A comparative analysis was carried out to examine the effect of solvent nature and the specific features of molecular structure on aggregation behavior, pH stability, hydrophobicity, and antimicrobial activity of 2-iodo-tetramethyl-ethyl-BODIPY (where BODIPY is boron(iii) dipyrromethene) (1), 2,6-diiodo-tetramethyl-BODIPY (2), and 2,6-diiodo-tetramethyl-BODIPY containing an ester residue of butanoic acid (3) in the meso-spacer as potential photosensitizers for antimicrobial photodynamic therapy.

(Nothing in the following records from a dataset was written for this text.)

definition Ps :: "('a::finite \<times> 'a) set \<Rightarrow> ('a \<times> 'a \<Rightarrow> real) set" where
  "Ps E = {p \<in> cl_Ps E. {z. p z > 0} = E}"

definition bdry_Ps :: "('a::finite \<times> 'a) set \<Rightarrow> ('a \<times> 'a \<Rightarrow> real) set" where
  "bdry_Ps E = cl_Ps E - Ps E"

definition marg :: "('a::finite \<times> 'a \<Rightarrow> real) \<Rightarrow> 'a \<Rightarrow> real" where
  "marg p x = (\<Sum>y\<in>UNIV. p (x, y))"

text \<open>Conditional p(y|x) = p(x,y)/pbar(x) (only used where pbar(x) > 0).\<close>
definition cond :: "('a::finite \<times> 'a \<Rightarrow> real) \<Rightarrow> 'a \<Rightarrow> 'a \<Rightarrow> real" where
  "cond p y x = p (x, y) / marg p x"

text \<open>x log x with 0 log 0 = 0 (Isabelle's ln 0 = 0 already gives this).\<close>
definition xlogx :: "real \<Rightarrow> real" where
  "xlogx u = (if u = 0 then 0 else u * ln u)"

definition G :: "('a::finite \<times> 'a) set \<Rightarrow> ('a \<Rightarrow> 'a \<Rightarrow> real) \<Rightarrow> ('a \<times> 'a \<Rightarrow> real) \<Rightarrow> real" where
  "G E v0 p = (\<Sum>(x, y)\<in>E. (if p (x, y) = 0 then 0 else p (x, y) * ln (p (x, y) / v0 y x)))
              - (\<Sum>x\<in>UNIV. xlogx (marg p x))"

end

theory Submission
  imports Defs
begin

text \<open>Since p0 lies on the boundary but is stationary and the graph is strongly connected, some
  edge (x, y) of E carries no p0-mass although its tail x does: otherwise stationarity would
  spread positivity of the marginal along every edge and p0 would have full support. Along that
  edge p_t(y|x) \<sim> t p1(x, y) / marg p0 x \<rightarrow> 0, so its term of the derivative tends to -\<infinity>, while
  every other term stays bounded above: it either converges (p0(x', y') > 0) or is p1(x', y') > 0
  times the logarithm of a conditional probability \<le> 1.\<close>

lemma le_marg: "(\<And>z. p z \<ge> 0) \<Longrightarrow> p (x, y) \<le> marg p x"
  unfolding marg_def by (rule member_le_sum) auto

lemma marg_nonneg: "(\<And>z. p z \<ge> 0) \<Longrightarrow> marg p x \<ge> 0"
  unfolding marg_def by (simp add: sum_nonneg)

lemma marg_affine: "marg (\<lambda>z. a * p z + b * q z) x = a * marg p x + b * marg q x"
  unfolding marg_def by (simp add: sum.distrib sum_distrib_left)

lemma cond_pos: "(\<And>z. p z \<ge> 0) \<Longrightarrow> p (x, y) > 0 \<Longrightarrow> cond p y x > 0"
  using le_marg[of p x y] by (simp add: cond_def)

lemma cond_le_one: "(\<And>z. p z \<ge> 0) \<Longrightarrow> cond p y x \<le> 1"
  using le_marg[of p x y] marg_nonneg[of p x] by (auto simp: cond_def divide_le_eq_1)

lemma strongly_connected_out_edge:
  assumes "strongly_connected E"
  obtains y where "(x, y) \<in> E"
  using assms tranclD[of x x E] unfolding strongly_connected_def by blast

lemma stationary_exit_edge:
  fixes p :: "'a::finite \<times> 'a \<Rightarrow> real"
  assumes "strongly_connected E"
    and nonneg: "\<And>z. p z \<ge> 0"
    and stationary: "\<And>x. (\<Sum>y\<in>UNIV. p (x, y)) = (\<Sum>y\<in>UNIV. p (y, x))"
    and support: "{z. p z > 0} \<subset> E"
    and nonzero: "p z0 > 0"
  shows "\<exists>x y. (x, y) \<in> E \<and> p (x, y) = 0 \<and> marg p x > 0"
proof (rule ccontr)
  assume no_exit: "\<not> ?thesis"
  have step: "marg p y > 0" if "marg p x > 0" "(x, y) \<in> E" for x y
  proof -
    have "0 < p (x, y)" using no_exit that nonneg[of "(x, y)"] by force
    also have "\<dots> \<le> (\<Sum>w\<in>UNIV. p (w, y))" by (rule member_le_sum) (auto simp: nonneg)
    finally show ?thesis using stationary[of y] by (simp add: marg_def)
  qed
  have start: "marg p (fst z0) > 0"
    using le_marg[of p "fst z0" "snd z0"] nonneg nonzero by simp
  have "marg p x > 0" for x
  proof -
    have "(fst z0, x) \<in> E\<^sup>+"
      using \<open>strongly_connected E\<close> unfolding strongly_connected_def by blast
    then show ?thesis
      by (induction rule: trancl_induct) (use start step in blast)+
  qed
  then have "E \<subseteq> {z. p z > 0}"
    using no_exit nonneg by (force simp: less_le)
  with support show False by blast
qed

lemma G_eq_sum_mult_ln:
  "G E v0 p = (\<Sum>z\<in>E. p z * ln (p z / v0 (snd z) (fst z))) - (\<Sum>x\<in>UNIV. marg p x * ln (marg p x))"
proof -
  have "(if u = 0 then 0 else u * w) = u * w" for u w :: real by simp
  then show ?thesis unfolding G_def xlogx_def by (simp add: split_def)
qed

lemma has_real_derivative_mult_ln:
  fixes u :: "real \<Rightarrow> real"
  assumes "(u has_real_derivative u') (at t)" "u t > 0" "c > 0"
  shows "((\<lambda>s. u s * ln (u s / c)) has_real_derivative u' * ln (u t / c) + u') (at t)"
  using assms by (auto intro!: derivative_eq_intros)

lemma has_real_derivative_xlnx:
  fixes u :: "real \<Rightarrow> real"
  assumes "(u has_real_derivative u') (at t)" "u t > 0"
  shows "((\<lambda>s. u s * ln (u s)) has_real_derivative u' * ln (u t) + u') (at t)"
  using has_real_derivative_mult_ln[OF assms zero_less_one] by simp

lemma sum_mult_fst_eq_sum_marg:
  fixes q :: "'a::finite \<times> 'a \<Rightarrow> real"
  assumes "\<And>z. z \<notin> E \<Longrightarrow> q z = 0"
  shows "(\<Sum>z\<in>E. q z * h (fst z)) = (\<Sum>x\<in>UNIV. marg q x * h x)"
proof -
  have "(\<Sum>z\<in>E. q z * h (fst z)) = (\<Sum>z\<in>UNIV. q z * h (fst z))"
    by (rule sum.mono_neutral_left) (auto simp: assms)
  also have "\<dots> = (\<Sum>x\<in>UNIV. \<Sum>y\<in>UNIV. q (x, y) * h x)"
    by (simp add: sum.cartesian_product split_def flip: UNIV_Times_UNIV)
  finally show ?thesis
    by (simp add: marg_def sum_distrib_right)
qed
lemma real_polynomial_function_rsum: "real_polynomial_function (rsum i j)"
  unfolding rsum_def[abs_def]
  by (intro real_polynomial_function_sum real_polynomial_function.intros(2-4)
      real_polynomial_function_gbinomial finite_atLeastAtMost)

lemma real_polynomial_function_periodic_eq_0:
  fixes f :: "real \<Rightarrow> real"
  assumes poly: "real_polynomial_function f" and periodic: "\<And>x. f (x + 1) = f x" and "f 0 = 0"
  shows "f x = 0"
proof (rule ccontr)
  assume "f x \<noteq> 0"
  obtain c n where f: "f = (\<lambda>x. \<Sum>i\<le>n. c i * x^i)"
    using poly real_polynomial_function_iff_sum by blast
  have "f (real m) = 0" for m
  proof (induction m)
    case (Suc m)
    then show ?case using periodic[of "real m"] by (simp add: add.commute)
  qed (use \<open>f 0 = 0\<close> in simp)
  then have "range real \<subseteq> {x. f x = 0}" by auto
  moreover have "finite {x. f x = 0}"
    using \<open>f x \<noteq> 0\<close> polyfun_finite_roots[of c n] by (auto simp: f)
  ultimately have "finite (range (real :: nat \<Rightarrow> real))" by (rule finite_subset)
  then show False using finite_imageD[OF _ inj_of_nat] by auto
qed
(* Let $K$ be a Poisson random variable and let $\mathbf A,\mathbf B$ be random $K\times d$ matrices whose rows are generated as follows: $(\mathbf a_1,\mathbf b_1),(\mathbf a_2,\mathbf b_2),\dots$ is an i.i.d. sequence of pairs of jointly distributed random vectors in $\mathbb R^d\times\mathbb R^d$, independent of $K$, and the $i$-th rows of $\mathbf A,\mathbf B$ are $\mathbf a_i^\top,\mathbf b_i^\top$ for $i\le K$. Then $$\mathbb E[\det(\mathbf A\mathbf B^\top)]=e^{-\mathbb E[K]}\det\big(\mathbf I+\mathbb E[\mathbf B^\top\mathbf A]\big).$$
   Context: $\mathbf A\mathbf B^\top$ is a $K\times K$ matrix; the determinant of a $0\times0$ matrix (when $K=0$) is $1$. All expectations involved are assumed finite. *)

theory Defs
  imports "HOL-Probability.Probability"
begin

text \<open>Determinant of the n x n matrix with entries f i j (i, j < n), via the Leibniz formula.
  For n = 0 this is the empty product, i.e. 1.\<close>
definition det_nat :: "nat \<Rightarrow> (nat \<Rightarrow> nat \<Rightarrow> real) \<Rightarrow> real" where
  "det_nat n f = (\<Sum>p | p permutes {..<n}. of_int (sign p) * (\<Prod>i<n. f i (p i)))"

end

theory Submission
  imports Defs
begin

text \<open>
  Expanding each inner product coordinatewise and regrouping the Leibniz formula row by row
  writes det (A B^T), given K = k, as a sum of products of functions of single rows. Independence
  and identical distribution of the rows then give E det = \<Sum> det (C (f i) (f j)) over all
  f : {..<k} -> {1..d}, with C = E[a_1 b_1^T]. Non-injective f produce two equal rows, and every
  k-subset T of {1..d} is the image of k! injections, so this is k! times the sum of the principal
  minors of C of size k. Averaging over the independent Poisson count K of mean r gives
  e^-r \<Sum> r^|T| det C_T over all T, which is e^-r det (I + r C) by the principal-minor expansion
  of det (I + X); the same conditioning on K shows E[B^T A] = r C^T.
\<close>

definition principal_minor :: "('d \<Rightarrow> 'd \<Rightarrow> real) \<Rightarrow> 'd set \<Rightarrow> real" where
  "principal_minor C T = (\<Sum>q | q permutes T. of_int (sign q) * (\<Prod>j\<in>T. C j (q j)))"

lemma bij_betw_map_permutation:
  assumes "bij_betw f A B"
  shows "bij_betw (map_permutation A f) {p. p permutes A} {q. q permutes B}"
proof -
  have "map_permutation A f = (\<lambda>p x. if x \<in> B then f (p (inv_into A f x)) else x)"
    using assms by (auto simp: fun_eq_iff map_permutation_def restrict_id_def bij_betw_def)
  then show ?thesis using bij_betw_permutations[OF assms] by simp
qed

lemma det_nat_reindex_inj:
  assumes inj: "inj_on f {..<k}"
  shows "det_nat k (\<lambda>i j. C (f i) (f j)) = principal_minor C (f ` {..<k})"
proof -
  let ?q = "map_permutation {..<k} f"
  have "det_nat k (\<lambda>i j. C (f i) (f j))
      = (\<Sum>p | p permutes {..<k}. of_int (sign (?q p)) * (\<Prod>j\<in>f ` {..<k}. C j (?q p j)))"
    unfolding det_nat_def
  proof (rule sum.cong[OF refl])
    fix p assume "p \<in> {p. p permutes {..<k}}"
    then have p: "p permutes {..<k}" by simp
    have "(\<Prod>i<k. C (f i) (f (p i))) = (\<Prod>i<k. C (f i) (?q p (f i)))"
      using inj by (simp add: map_permutation_apply)
    also have "\<dots> = (\<Prod>j\<in>f ` {..<k}. C j (?q p j))"
      using inj by (simp add: prod.reindex)
    finally show "of_int (sign p) * (\<Prod>i<k. C (f i) (f (p i)))
        = of_int (sign (?q p)) * (\<Prod>j\<in>f ` {..<k}. C j (?q p j))"
      using sign_map_permutation[OF inj p] by simp
  qed
  also have "\<dots> = principal_minor C (f ` {..<k})"
    unfolding principal_minor_def
    using sum.reindex_bij_betw[OF bij_betw_map_permutation[OF inj_on_imp_bij_betw[OF inj]],
        of "\<lambda>q. of_int (sign q) * (\<Prod>j\<in>f ` {..<k}. C j (q j))"]
    by simp
  finally show ?thesis .
qed

lemma det_nat_reindex_not_inj:
  assumes "\<not> inj_on f {..<k}"
  shows "det_nat k (\<lambda>i j. C (f i) (f j)) = 0"
proof -
  obtain i1 i2 where i: "i1 < k" "i2 < k" "i1 \<noteq> i2" "f i1 = f i2"
    using assms unfolding inj_on_def by auto
  define t where "t = Transposition.transpose i1 i2"
  have t: "t permutes {..<k}" using i unfolding t_def by (simp add: permutes_swap_id)
  have sign_t: "sign t = -1" using i by (simp add: t_def sign_swap_id)
  have ft: "f (t i) = f i" and tt: "t (t i) = i" for i
    using i by (auto simp: t_def Transposition.transpose_def)
  let ?term = "\<lambda>p. of_int (sign p) * (\<Prod>i<k. C (f i) (f (p i)))"
  have "det_nat k (\<lambda>i j. C (f i) (f j)) = (\<Sum>p | p permutes {..<k}. ?term (p \<circ> t))"
    unfolding det_nat_def by (rule sum_permutations_compose_right[OF t])
  also have "\<dots> = (\<Sum>p | p permutes {..<k}. - ?term p)"
  proof (rule sum.cong[OF refl])
    fix p assume "p \<in> {p. p permutes {..<k}}"
    then have "permutation p" by (auto intro: permutes_imp_permutation)
    moreover have "permutation t" using t by (auto intro: permutes_imp_permutation)
    moreover have "(\<Prod>i<k. C (f i) (f ((p \<circ> t) i))) = (\<Prod>i<k. C (f i) (f (p i)))"
      using prod.permute[OF t, of "\<lambda>i. C (f i) (f ((p \<circ> t) i))"] by (simp add: ft tt)
    ultimately show "?term (p \<circ> t) = - ?term p" by (simp add: sign_compose sign_t)
  qed
  finally show ?thesis unfolding det_nat_def by (simp add: sum_negf)
qed

lemma card_inj_funcset_onto:
  fixes T :: "'d set"
  assumes "finite T" "card T = k"
  shows "card {f \<in> {..<k} \<rightarrow>\<^sub>E UNIV. inj_on f {..<k} \<and> f ` {..<k} = T} = fact k"
proof -
  have "{f \<in> {..<k} \<rightarrow>\<^sub>E UNIV. inj_on f {..<k} \<and> f ` {..<k} = T}
      = {f \<in> {..<k} \<rightarrow>\<^sub>E T. inj_on f {..<k}}"
  proof (intro equalityI subsetI)
    fix f assume f: "f \<in> {f \<in> {..<k} \<rightarrow>\<^sub>E T. inj_on f {..<k}}"
    then have "card (f ` {..<k}) = card T" using assms by (simp add: card_image)
    then have "f ` {..<k} = T" using f assms by (intro card_subset_eq) (auto simp: PiE_iff)
    then show "f \<in> {f \<in> {..<k} \<rightarrow>\<^sub>E UNIV. inj_on f {..<k} \<and> f ` {..<k} = T}"
      using f by (auto simp: PiE_iff)
  qed (auto simp: PiE_iff)
  then show ?thesis
    using card_inj_on_subset_funcset[of "{..<k}" T "{..<k}"] assms
    by (simp add: fact_prod_rev atLeast0LessThan)
qed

All the studied compounds demonstrated a sufficiently high stability in both acidic and alkaline media. The introduction of iodine atoms into the pyrrole rings and the substitution of the hydrogen atom at the meso-position of the BODIPY core with an ester residue significantly (up to ∼1.4 times) increase the hydrophobicity of the luminophores compared to the tetramethylated analogue. In this case, compound 1 exhibits bactericidal activity against Staphylococcus aureus under irradiation at a wavelength of 530 nm, compound 2 demonstrates an activity that is 16 times lower, and BODIPY 3 does not show any antimicrobial activity under these experimental conditions.